# Schwann?



## John zachow (Dec 21, 2017)

https://nmi.craigslist.org/bik/d/1950s-schwann-bike/6421577085.html


----------



## GTs58 (Dec 21, 2017)

Never heard of that brand before. Is it a rebadged Murray?


----------



## Jeff54 (Dec 22, 2017)

Seen that plenty times. dumb A wit _schwann_ seat, too stupid to look at head badge, chain guard or tank.. B/C everybody nose _schawnn_ bikes are worth dar weight in gold.


----------



## bikecrazy (Dec 22, 2017)

At least they didn’t say it was rare!


----------



## fordmike65 (Dec 22, 2017)

I've seen it many times as well wondering WTF? Maybe they can't bear to udder the word....Schwi....nope....I can't do it. I'm sticking to Schwann too.


----------



## Boris (Dec 22, 2017)

A collectors dream.


----------



## vincev (Dec 22, 2017)

I think he meant its a  Schwantz bike......According to Wikipedia....Schwantz=   Slang-ish German word for the male organ.


----------



## halfatruck (Dec 22, 2017)

looks like Columbia fenders, and he does mention Columbia in his model description


----------



## mickeyc (Dec 22, 2017)

Maybe it was an early version of the food delivery company's service before they got those big yellow trucks?


----------



## Jay81 (Dec 22, 2017)




----------



## Jay81 (Dec 22, 2017)

halfatruck said:


> looks like Columbia fenders, and he does mention Columbia in his model description




I believe it is in fact a Columbia.
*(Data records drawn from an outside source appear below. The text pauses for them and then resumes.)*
lemma AE_dirichlet_simplex:
  assumes I: "finite I" and pos: "j\<^sub>0 \<in> I" "0 < \<alpha> j\<^sub>0"
  shows "AE z in dirichlet I \<alpha>. (\<forall>j\<in>I. 0 < \<alpha> j \<longrightarrow> 0 < z j) \<and> (\<forall>j\<in>I. \<not> 0 < \<alpha> j \<longrightarrow> z j = 0)
                                \<and> (\<Sum>j\<in>I. z j) = 1"
proof -
  define J where "J = {j\<in>I. 0 < \<alpha> j}"
  define \<gamma> where "\<gamma> g = (\<Prod>j\<in>J. ennreal (gamma_density (\<alpha> j) (g j)))" for g
  have J: "finite J" "j\<^sub>0 \<in> J" using I pos by (auto simp: J_def)
  have [measurable]: "\<gamma> \<in> borel_measurable (PiM J (\<lambda>_. lborel))"
    unfolding \<gamma>_def using J(1) by measurable
  have "AE g in PiM J (\<lambda>_. lborel). 0 < \<gamma> g \<longrightarrow> (\<forall>j\<in>J. 0 < g j)"
  proof (rule AE_I2, intro impI ballI)
    fix g j assume pos: "0 < \<gamma> g" and j: "j \<in> J"
    show "0 < g j"
    proof (rule ccontr)
      assume "\<not> 0 < g j"
      then have "gamma_density (\<alpha> j) (g j) = 0" by (simp add: gamma_density_def)
      then have "\<exists>i\<in>J. ennreal (gamma_density (\<alpha> i) (g i)) = 0" using j by (intro bexI[of _ j]) simp_all
      then have "\<gamma> g = 0" unfolding \<gamma>_def by (rule prod_zero[OF J(1)])
      with pos show False by simp
    qed
  qed
  then have AE_pos: "AE g in density (PiM J (\<lambda>_. lborel)) \<gamma>. \<forall>j\<in>J. 0 < g j"
    by (simp add: AE_density)
  have total_pos: "0 < sum g J" if "\<forall>j\<in>J. 0 < g j" for g :: "nat \<Rightarrow> real"
    using that J by (intro sum_pos) auto
  have sum_one: "(\<Sum>j\<in>I. dirichlet_normalise I \<alpha> g j) = 1" if "\<forall>j\<in>J. 0 < g j" for g
  proof -
    note total_pos[OF that]
    moreover have "(\<Sum>j\<in>I. dirichlet_normalise I \<alpha> g j) = (\<Sum>j\<in>J. g j / sum g J)"
      using I by (simp add: dirichlet_normalise_def J_def sum.If_cases Int_def)
    ultimately show ?thesis by (simp add: sum_divide_distrib[symmetric])
  qed
  from AE_pos have "AE g in density (PiM J (\<lambda>_. lborel)) \<gamma>.
      (\<forall>j\<in>I. 0 < \<alpha> j \<longrightarrow> 0 < dirichlet_normalise I \<alpha> g j) \<and>
      (\<forall>j\<in>I. \<not> 0 < \<alpha> j \<longrightarrow> dirichlet_normalise I \<alpha> g j = 0) \<and>
      (\<Sum>j\<in>I. dirichlet_normalise I \<alpha> g j) = 1"
  proof eventually_elim
    case (elim g)
    then show ?case using total_pos[OF elim] sum_one[OF elim] by (auto simp: dirichlet_normalise_def J_def)
  qed
  then show ?thesis
    unfolding dirichlet_eq_distr_gammas[OF I] J_def[symmetric] \<gamma>_def[symmetric]
    using measurable_dirichlet_normalise[OF I, of \<alpha>] I
    by (subst AE_distr_iff) (auto simp: J_def cong: measurable_cong_sets)
qed
lemma serves_leaf_embed:
  assumes sv: "serves K S Ts Ps" and K: "K \<subseteq> \<int>"
  shows "serves (K \<union> shifted K) S (map leaf_embed Ts)
           (map2 (\<lambda>P s. insert s (shifted P)) Ps S)"
proof -
  have len: "length Ts = Suc (length S)" "length Ps = length S"
    and steps: "\<forall>i < length S. bst_step (Ts ! i) (S ! i) (Ps ! i) (Ts ! Suc i)"
    using sv by (auto simp: serves_def)
  have sets: "set_tree T = K" if "T \<in> set Ts" for T
    using serves_set_tree[OF sv that] .
  have "bst_step (leaf_embed (Ts ! i)) (S ! i) (insert (S ! i) (shifted (Ps ! i)))
      (leaf_embed (Ts ! Suc i))" if "i < length S" for i
    using bst_step_leaf_embed steps that sets[of "Ts ! i"] K len by simp
  moreover have "bst (leaf_embed (Ts ! 0))"
    using sv sets[of "Ts ! 0"] K len by (simp add: serves_def bst_leaf_embed)
  ultimately show ?thesis
    unfolding serves_def using len sets[of "Ts ! 0"] by (simp add: set_tree_leaf_embed)
qed

lemma exec_cost_leaf_embed_le:
  assumes sv: "serves K S Ts Ps"
  shows "exec_cost (map2 (\<lambda>P s. insert s (shifted P)) Ps S) \<le> 3 * exec_cost Ps"
proof -
  have len: "length Ps = length S"
    using sv by (simp add: serves_def)
  have "card (insert (S ! i) (shifted (Ps ! i))) \<le> 3 * card (Ps ! i)" if "i < length S" for i
  proof (rule card_insert_shifted_le)
    have "bst_step (Ts ! i) (S ! i) (Ps ! i) (Ts ! Suc i)"
      using sv that by (simp add: serves_def)
    then show "finite (Ps ! i)" "S ! i \<in> Ps ! i"
      unfolding bst_step_def by (auto intro: finite_subset[OF _ finite_set_tree])
  qed
  then have "(\<Sum>i<length S. card (insert (S ! i) (shifted (Ps ! i))))
      \<le> (\<Sum>i<length S. 3 * card (Ps ! i))"
    by (intro sum_mono) simp
  then show ?thesis
    unfolding exec_cost_def using len
    by (simp add: sum_list_sum_nth atLeast0LessThan sum_distrib_left)
qed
Believe it or not, I was able to zoom in much better/closer on my phone than on the computer, and it looked like it said Columbia on the tank.
Why does every non bike collector only seem to take a pic of the left side of the bike, so we can't see the chainguard?


----------



## Saving Tempest (Dec 22, 2017)

Maybe it's made of ice cream and pizzas.


----------